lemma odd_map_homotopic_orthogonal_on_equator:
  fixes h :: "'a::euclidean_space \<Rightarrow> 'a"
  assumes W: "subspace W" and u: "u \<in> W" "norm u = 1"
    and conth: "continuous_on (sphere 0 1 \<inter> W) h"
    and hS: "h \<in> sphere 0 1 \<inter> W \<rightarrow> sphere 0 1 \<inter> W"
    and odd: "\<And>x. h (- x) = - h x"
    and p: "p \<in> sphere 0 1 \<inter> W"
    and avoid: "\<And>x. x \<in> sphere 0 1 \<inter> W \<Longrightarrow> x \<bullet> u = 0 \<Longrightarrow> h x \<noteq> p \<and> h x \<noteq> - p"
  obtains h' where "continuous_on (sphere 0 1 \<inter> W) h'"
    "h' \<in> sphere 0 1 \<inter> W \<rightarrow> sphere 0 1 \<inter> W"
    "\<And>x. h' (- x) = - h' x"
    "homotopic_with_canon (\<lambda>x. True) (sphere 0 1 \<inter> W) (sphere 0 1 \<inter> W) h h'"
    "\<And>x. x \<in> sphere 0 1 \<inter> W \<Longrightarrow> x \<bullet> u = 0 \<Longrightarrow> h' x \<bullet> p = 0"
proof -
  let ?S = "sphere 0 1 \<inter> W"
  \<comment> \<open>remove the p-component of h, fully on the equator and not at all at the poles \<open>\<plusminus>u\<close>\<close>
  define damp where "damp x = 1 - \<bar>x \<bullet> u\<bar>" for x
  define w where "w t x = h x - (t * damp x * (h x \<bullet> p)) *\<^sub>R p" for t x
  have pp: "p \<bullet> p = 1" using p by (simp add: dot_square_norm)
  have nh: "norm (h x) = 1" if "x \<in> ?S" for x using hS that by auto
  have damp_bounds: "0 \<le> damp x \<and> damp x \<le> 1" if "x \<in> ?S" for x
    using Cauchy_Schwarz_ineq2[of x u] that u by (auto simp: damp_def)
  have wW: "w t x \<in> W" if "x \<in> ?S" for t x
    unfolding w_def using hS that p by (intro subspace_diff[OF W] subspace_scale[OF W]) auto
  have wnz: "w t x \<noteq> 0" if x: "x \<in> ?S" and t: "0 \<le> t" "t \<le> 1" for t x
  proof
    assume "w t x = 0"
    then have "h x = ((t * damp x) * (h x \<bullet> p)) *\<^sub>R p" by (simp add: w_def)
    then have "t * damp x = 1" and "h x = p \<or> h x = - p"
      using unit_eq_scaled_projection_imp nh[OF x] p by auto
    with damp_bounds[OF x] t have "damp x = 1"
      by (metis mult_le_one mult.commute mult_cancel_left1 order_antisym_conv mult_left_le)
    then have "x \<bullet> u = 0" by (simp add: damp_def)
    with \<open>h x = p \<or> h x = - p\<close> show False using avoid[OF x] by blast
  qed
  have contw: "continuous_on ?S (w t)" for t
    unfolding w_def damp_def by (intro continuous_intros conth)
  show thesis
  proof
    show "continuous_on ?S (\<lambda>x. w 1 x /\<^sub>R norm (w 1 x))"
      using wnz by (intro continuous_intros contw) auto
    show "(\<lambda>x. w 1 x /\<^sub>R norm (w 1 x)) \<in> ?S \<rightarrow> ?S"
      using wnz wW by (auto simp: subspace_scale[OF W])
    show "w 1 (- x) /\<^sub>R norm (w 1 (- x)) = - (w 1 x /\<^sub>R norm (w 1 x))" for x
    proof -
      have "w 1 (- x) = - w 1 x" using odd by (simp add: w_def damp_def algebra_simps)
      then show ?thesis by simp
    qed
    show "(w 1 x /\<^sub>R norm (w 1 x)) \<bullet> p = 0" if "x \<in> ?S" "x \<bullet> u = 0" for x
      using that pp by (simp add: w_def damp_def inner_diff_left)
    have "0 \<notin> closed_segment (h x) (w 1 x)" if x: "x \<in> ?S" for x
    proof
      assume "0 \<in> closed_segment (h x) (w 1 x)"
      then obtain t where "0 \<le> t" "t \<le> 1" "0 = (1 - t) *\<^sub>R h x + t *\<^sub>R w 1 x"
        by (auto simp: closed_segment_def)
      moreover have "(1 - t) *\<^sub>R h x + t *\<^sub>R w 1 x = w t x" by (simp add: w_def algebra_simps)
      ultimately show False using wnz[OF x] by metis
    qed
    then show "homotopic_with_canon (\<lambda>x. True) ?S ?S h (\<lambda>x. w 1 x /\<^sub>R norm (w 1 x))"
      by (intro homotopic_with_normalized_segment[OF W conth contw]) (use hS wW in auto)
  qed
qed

▬▬▬

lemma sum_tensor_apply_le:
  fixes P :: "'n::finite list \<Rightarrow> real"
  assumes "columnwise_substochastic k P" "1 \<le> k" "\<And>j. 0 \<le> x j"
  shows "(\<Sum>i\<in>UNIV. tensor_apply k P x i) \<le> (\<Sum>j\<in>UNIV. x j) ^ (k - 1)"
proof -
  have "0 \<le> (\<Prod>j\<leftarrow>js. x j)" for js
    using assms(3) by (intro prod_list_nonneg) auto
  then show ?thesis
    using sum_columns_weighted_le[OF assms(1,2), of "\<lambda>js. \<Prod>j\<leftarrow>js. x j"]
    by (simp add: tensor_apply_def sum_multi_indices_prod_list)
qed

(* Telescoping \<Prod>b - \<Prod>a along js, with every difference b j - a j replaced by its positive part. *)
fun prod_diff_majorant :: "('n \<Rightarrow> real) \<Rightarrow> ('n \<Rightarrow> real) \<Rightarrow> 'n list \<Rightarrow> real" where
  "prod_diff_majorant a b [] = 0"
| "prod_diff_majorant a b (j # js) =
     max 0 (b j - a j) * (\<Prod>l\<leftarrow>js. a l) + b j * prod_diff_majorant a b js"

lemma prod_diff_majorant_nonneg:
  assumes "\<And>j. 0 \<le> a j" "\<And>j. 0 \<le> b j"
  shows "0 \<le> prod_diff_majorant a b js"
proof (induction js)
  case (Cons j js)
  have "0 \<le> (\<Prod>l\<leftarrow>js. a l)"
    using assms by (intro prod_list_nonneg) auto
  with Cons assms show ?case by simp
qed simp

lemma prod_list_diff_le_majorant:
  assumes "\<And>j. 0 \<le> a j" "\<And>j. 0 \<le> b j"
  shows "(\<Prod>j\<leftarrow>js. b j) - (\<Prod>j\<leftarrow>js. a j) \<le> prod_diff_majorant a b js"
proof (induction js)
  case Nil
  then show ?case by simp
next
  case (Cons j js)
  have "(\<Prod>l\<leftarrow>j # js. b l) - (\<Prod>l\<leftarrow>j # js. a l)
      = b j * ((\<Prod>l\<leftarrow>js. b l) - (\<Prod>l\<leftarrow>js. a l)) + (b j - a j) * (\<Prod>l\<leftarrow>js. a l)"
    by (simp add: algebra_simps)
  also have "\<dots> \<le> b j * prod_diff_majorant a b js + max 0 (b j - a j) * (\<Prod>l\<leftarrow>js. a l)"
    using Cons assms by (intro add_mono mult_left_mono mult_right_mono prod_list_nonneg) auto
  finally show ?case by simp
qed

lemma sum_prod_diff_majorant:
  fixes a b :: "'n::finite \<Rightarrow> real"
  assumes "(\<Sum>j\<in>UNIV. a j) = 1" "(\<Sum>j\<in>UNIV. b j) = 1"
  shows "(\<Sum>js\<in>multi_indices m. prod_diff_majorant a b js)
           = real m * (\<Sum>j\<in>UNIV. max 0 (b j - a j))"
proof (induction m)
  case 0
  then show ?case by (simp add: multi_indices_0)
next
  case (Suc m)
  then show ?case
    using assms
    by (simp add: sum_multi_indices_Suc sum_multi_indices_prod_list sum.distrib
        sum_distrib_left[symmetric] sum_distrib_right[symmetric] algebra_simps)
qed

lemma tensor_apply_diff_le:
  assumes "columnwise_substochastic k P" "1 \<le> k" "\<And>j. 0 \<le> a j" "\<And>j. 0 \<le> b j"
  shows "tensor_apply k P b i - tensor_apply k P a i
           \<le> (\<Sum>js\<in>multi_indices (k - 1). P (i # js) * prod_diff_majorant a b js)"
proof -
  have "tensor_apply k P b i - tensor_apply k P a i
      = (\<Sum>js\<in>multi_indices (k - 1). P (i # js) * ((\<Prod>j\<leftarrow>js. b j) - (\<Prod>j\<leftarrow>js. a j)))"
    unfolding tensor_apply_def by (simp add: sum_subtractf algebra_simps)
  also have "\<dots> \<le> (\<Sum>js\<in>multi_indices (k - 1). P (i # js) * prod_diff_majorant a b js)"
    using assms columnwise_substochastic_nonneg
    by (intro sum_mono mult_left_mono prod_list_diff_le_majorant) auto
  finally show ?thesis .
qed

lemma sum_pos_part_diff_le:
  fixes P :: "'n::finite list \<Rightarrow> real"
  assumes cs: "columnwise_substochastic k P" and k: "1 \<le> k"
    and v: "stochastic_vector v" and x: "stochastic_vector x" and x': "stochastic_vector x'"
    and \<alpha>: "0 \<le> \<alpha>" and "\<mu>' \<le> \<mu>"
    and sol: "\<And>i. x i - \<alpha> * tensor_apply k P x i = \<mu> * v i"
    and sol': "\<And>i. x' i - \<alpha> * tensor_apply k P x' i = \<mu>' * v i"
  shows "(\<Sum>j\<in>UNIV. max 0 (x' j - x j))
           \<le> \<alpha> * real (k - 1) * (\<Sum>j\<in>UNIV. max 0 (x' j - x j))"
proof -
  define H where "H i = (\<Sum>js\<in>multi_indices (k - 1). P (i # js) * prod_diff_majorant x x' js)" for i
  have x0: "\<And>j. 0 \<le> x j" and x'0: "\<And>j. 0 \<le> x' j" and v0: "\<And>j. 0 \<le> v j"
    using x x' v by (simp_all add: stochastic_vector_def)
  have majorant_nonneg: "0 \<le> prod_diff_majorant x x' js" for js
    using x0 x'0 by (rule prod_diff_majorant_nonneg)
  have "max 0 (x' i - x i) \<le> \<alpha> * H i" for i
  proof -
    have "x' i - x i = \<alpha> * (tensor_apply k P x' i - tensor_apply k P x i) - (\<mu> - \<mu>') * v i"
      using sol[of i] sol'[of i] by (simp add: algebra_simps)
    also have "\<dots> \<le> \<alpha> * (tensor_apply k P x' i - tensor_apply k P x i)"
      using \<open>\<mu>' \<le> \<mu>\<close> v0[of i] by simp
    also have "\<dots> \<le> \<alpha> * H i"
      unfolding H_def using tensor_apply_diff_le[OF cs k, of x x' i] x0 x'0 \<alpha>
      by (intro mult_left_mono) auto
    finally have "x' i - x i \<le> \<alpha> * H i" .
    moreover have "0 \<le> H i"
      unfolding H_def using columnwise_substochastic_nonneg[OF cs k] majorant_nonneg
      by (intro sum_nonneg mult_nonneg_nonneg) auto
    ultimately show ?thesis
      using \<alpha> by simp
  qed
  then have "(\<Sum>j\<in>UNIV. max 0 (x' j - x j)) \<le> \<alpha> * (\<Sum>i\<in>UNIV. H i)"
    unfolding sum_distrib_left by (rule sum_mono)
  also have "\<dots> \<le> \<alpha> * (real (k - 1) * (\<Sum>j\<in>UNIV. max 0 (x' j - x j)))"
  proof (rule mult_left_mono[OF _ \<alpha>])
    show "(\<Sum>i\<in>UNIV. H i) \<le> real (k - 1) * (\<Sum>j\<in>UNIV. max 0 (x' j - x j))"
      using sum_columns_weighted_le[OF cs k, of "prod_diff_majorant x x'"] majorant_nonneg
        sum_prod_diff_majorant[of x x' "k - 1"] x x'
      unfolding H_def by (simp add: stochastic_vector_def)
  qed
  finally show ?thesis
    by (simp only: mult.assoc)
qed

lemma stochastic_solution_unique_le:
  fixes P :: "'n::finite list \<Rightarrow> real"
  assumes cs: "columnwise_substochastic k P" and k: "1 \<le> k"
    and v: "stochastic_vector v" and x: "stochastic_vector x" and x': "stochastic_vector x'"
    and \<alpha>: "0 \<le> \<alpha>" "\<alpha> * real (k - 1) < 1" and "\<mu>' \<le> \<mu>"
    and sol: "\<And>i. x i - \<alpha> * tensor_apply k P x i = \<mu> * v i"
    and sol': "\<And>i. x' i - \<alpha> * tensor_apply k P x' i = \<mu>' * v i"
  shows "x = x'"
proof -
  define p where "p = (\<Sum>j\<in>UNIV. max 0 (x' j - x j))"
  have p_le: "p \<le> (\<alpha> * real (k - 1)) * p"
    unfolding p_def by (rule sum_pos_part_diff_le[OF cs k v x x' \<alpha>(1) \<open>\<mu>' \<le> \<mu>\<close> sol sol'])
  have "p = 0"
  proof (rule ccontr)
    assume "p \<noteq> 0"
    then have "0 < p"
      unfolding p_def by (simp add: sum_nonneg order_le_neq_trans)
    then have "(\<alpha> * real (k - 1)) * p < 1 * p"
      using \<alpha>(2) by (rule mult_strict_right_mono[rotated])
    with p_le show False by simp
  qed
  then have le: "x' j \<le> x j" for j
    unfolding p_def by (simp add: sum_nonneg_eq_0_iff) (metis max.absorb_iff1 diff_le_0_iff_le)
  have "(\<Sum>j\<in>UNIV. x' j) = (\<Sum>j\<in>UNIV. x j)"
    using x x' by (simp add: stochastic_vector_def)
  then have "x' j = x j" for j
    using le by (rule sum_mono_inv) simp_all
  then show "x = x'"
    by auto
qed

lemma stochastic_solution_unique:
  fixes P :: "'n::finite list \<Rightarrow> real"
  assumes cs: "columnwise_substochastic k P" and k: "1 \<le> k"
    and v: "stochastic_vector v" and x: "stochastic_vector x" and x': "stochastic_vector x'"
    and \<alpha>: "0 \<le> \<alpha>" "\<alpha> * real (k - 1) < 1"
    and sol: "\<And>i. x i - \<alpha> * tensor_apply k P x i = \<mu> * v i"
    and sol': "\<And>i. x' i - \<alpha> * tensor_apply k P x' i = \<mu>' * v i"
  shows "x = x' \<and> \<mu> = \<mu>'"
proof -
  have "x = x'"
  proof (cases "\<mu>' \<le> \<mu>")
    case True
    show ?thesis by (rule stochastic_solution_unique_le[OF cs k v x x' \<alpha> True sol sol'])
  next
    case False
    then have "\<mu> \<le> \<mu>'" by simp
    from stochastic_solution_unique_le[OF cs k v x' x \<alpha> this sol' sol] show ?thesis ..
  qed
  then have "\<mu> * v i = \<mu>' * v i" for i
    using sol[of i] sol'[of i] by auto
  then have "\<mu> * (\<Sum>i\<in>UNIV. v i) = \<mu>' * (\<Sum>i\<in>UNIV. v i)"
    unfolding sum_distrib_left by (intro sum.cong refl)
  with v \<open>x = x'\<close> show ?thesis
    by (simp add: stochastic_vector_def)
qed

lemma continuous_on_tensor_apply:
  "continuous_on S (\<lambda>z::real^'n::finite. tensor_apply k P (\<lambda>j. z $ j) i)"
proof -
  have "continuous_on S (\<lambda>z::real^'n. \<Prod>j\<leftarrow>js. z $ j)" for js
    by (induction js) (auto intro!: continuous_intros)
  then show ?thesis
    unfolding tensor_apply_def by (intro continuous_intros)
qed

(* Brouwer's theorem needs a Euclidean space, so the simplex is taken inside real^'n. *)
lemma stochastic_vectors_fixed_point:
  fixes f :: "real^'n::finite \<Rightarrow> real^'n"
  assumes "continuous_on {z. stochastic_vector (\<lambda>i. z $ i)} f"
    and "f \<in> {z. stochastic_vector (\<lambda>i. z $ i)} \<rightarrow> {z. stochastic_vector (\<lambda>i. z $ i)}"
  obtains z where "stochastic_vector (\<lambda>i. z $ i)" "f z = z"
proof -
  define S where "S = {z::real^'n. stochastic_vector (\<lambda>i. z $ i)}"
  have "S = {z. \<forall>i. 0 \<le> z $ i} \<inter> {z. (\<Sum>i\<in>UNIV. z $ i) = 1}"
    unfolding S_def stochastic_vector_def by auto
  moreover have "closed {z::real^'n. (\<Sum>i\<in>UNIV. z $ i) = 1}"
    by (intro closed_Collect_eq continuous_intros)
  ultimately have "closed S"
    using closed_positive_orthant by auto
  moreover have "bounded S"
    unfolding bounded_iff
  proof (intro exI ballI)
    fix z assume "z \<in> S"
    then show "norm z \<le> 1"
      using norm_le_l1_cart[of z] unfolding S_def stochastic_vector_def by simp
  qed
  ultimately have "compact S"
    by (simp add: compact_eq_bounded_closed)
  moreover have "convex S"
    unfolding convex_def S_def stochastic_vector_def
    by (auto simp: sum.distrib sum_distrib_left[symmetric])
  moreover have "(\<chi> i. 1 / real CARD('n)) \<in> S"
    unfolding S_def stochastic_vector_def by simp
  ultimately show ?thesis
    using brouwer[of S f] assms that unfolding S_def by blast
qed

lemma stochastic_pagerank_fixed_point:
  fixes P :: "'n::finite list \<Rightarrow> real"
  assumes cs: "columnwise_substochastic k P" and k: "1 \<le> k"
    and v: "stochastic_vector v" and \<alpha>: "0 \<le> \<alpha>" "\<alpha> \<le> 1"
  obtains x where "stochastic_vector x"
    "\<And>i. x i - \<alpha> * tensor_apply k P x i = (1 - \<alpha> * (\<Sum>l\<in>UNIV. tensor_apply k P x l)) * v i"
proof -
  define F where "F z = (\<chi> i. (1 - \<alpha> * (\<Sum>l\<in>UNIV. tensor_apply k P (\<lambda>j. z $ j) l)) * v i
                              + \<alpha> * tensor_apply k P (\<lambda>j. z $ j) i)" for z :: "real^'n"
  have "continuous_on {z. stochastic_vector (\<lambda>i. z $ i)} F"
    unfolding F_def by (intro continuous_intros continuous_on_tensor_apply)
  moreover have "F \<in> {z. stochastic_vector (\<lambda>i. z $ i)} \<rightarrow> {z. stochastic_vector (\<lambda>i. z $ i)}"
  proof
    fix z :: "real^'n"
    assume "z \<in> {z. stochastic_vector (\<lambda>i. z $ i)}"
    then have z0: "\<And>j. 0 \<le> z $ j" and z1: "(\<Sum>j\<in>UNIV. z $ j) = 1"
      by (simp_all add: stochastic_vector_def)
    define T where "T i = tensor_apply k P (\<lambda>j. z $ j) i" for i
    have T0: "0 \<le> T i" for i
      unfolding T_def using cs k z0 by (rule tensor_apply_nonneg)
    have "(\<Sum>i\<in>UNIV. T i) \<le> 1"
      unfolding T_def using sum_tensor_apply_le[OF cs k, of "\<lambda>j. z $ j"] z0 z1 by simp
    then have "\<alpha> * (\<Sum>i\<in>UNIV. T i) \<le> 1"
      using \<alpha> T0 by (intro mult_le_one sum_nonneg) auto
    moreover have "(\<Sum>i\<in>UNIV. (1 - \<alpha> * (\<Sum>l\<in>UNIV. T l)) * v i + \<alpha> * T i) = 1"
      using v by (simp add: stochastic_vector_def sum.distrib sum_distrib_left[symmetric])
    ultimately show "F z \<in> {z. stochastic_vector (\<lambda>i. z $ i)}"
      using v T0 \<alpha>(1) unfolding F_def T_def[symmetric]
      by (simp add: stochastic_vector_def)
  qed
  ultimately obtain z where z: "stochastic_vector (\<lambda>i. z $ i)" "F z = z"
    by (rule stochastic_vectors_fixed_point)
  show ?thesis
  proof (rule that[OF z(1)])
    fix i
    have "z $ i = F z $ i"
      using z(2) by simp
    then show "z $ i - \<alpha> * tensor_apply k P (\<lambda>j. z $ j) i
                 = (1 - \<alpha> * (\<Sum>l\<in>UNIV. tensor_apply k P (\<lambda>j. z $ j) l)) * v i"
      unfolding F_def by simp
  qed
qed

▬▬▬

Copy the entries above exactly, but only from the line holding "j) = (\<Sum>j\<in>UNIV." through the line holding "using sol[of i] sol'[of i] by auto", both included.

#### [Answer to this exercise]
  have "(\<Sum>j\<in>UNIV. x' j) = (\<Sum>j\<in>UNIV. x j)"
    using x x' by (simp add: stochastic_vector_def)
  then have "x' j = x j" for j
    using le by (rule sum_mono_inv) simp_all
  then show "x = x'"
    by auto
qed

lemma stochastic_solution_unique:
  fixes P :: "'n::finite list \<Rightarrow> real"
  assumes cs: "columnwise_substochastic k P" and k: "1 \<le> k"
    and v: "stochastic_vector v" and x: "stochastic_vector x" and x': "stochastic_vector x'"
    and \<alpha>: "0 \<le> \<alpha>" "\<alpha> * real (k - 1) < 1"
    and sol: "\<And>i. x i - \<alpha> * tensor_apply k P x i = \<mu> * v i"
    and sol': "\<And>i. x' i - \<alpha> * tensor_apply k P x' i = \<mu>' * v i"
  shows "x = x' \<and> \<mu> = \<mu>'"
proof -
  have "x = x'"
  proof (cases "\<mu>' \<le> \<mu>")
    case True
    show ?thesis by (rule stochastic_solution_unique_le[OF cs k v x x' \<alpha> True sol sol'])
  next
    case False
    then have "\<mu> \<le> \<mu>'" by simp
    from stochastic_solution_unique_le[OF cs k v x' x \<alpha> this sol' sol] show ?thesis ..
  qed
  then have "\<mu> * v i = \<mu>' * v i" for i
    using sol[of i] sol'[of i] by auto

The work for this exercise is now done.